5. Reach out if you’re feeling alone.

Mother’s Day can be one of the loneliest days of the year for people carrying complicated grief, caregiving exhaustion, or family estrangement. If that’s you, please don’t sit in it alone. Call a friend. Reach out to a community. Talk to someone who gets it. You don’t have to explain the whole story. Sometimes just hearing another voice is enough.

To the Men Reading This

I want to include you too, because Mother’s Day isn’t just for women to celebrate.

You’ve been shaped by the women in your life — your mother, your partner, your sister, your grandmother, a mentor, a friend. Their love, their strength, their belief in you is woven into who you are.

Take a moment today and tell one of them. Don’t assume she knows. Don’t wait for the “right” time. Tell her what she means to you — specifically, honestly, without holding back.

I can promise you this: no matter how strong she seems, she needs to hear it. And your words might arrive at exactly the moment she’s wondering if any of it matters.

It does. It all does.

A Mother’s Day Truth I Keep Coming Back To

“Mother” was never just a biological fact.

It’s a woman who tucks a blanket around you when you didn’t ask. A voice on the phone that can calm your whole nervous system in thirty seconds. Hands that have held yours through things neither of you knew how to get through. A person who loves you not because she has to, but because she chose to — again and again and again.

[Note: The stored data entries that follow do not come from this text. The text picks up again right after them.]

lemma infdist_eq_Min_infdist_patches_near:
  fixes S :: "'a::heine_borel set"
  assumes "closed S" and "S \<noteq> {}" and finite: "finite (contact_points S q)"
    and patch: "\<And>p. p \<in> contact_points S q \<Longrightarrow>
                  T p \<subseteq> S \<and> p \<in> (top_of_set S) interior_of (T p)"
  shows "\<exists>N. open N \<and> q \<in> N \<and>
           (\<forall>x\<in>N. infdist x S = Min ((\<lambda>p. infdist x (T p)) ` contact_points S q))"
proof -
  define G where "G = contact_points S q"
  define U where "U = (\<Union>p\<in>G. (top_of_set S) interior_of (T p))"
  have U_open: "openin (top_of_set S) U" unfolding U_def by (intro openin_Union) auto
  have contact_in_U: "contact_points S q \<subseteq> U" using patch unfolding U_def G_def by blast
  obtain \<eta> where "\<eta> > 0" and gap: "\<And>s. s \<in> S - U \<Longrightarrow> infdist q S + \<eta> \<le> dist q s"
    using infdist_gap_off_contact_points[OF \<open>closed S\<close> U_open contact_in_U] by blast
  have "infdist x S = Min ((\<lambda>p. infdist x (T p)) ` G)" if x: "x \<in> ball q (\<eta> / 2)" for x
  proof (rule antisym)
    have "p \<in> T p" if "p \<in> G" for p
      using patch[folded G_def, OF that] interior_of_subset[of "top_of_set S" "T p"] by blast
    then have "infdist x S \<le> infdist x (T p)" if "p \<in> G" for p
      using patch[folded G_def, OF that] that by (intro infdist_mono) auto
    moreover have "G \<noteq> {}" and "finite G"
      using contact_points_nonempty[OF assms(1,2)] finite unfolding G_def by auto
    ultimately show "infdist x S \<le> Min ((\<lambda>p. infdist x (T p)) ` G)" by simp
  next
    obtain s where "s \<in> S" and s: "infdist x S = dist x s"
      using infdist_attains_inf[OF assms(1,2)] .
    have "dist x s \<le> infdist q S + dist x q"
      using s infdist_triangle[of x S q] by simp
    then have "dist q s < infdist q S + \<eta>"
      using x dist_triangle[of q s x] by (simp add: dist_commute)
    then have "s \<in> U" using gap \<open>s \<in> S\<close> by force
    then obtain p where "p \<in> G" and "s \<in> (top_of_set S) interior_of (T p)"
      unfolding U_def by blast
    then have "s \<in> T p" using interior_of_subset[of "top_of_set S" "T p"] by blast
    have "Min ((\<lambda>p. infdist x (T p)) ` G) \<le> infdist x (T p)"
      using finite \<open>p \<in> G\<close> unfolding G_def by simp
    also have "\<dots> \<le> infdist x S" using s infdist_le[OF \<open>s \<in> T p\<close>] by simp
    finally show "Min ((\<lambda>p. infdist x (T p)) ` G) \<le> infdist x S" .
  qed
  then show ?thesis
    using \<open>\<eta> > 0\<close> unfolding G_def by (intro exI[of _ "ball q (\<eta> / 2)"]) auto
qed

It’s also you. The woman reading this right now who gives so much of herself every single day. The caregiver. The friend. The mentor. The one who wonders sometimes if anyone notices.

I notice. And today, I want to celebrate every one of you.

Allow the love in. Acknowledge what you’ve given. Adjust the expectations you carry. Adapt to this day in whatever way feels true.

You are seen. You are valued. You matter.

Please don’t give up hope. And please don’t forget — you need you too.

Happy Mother’s Day, sweet friend. To every version of it that exists in your life.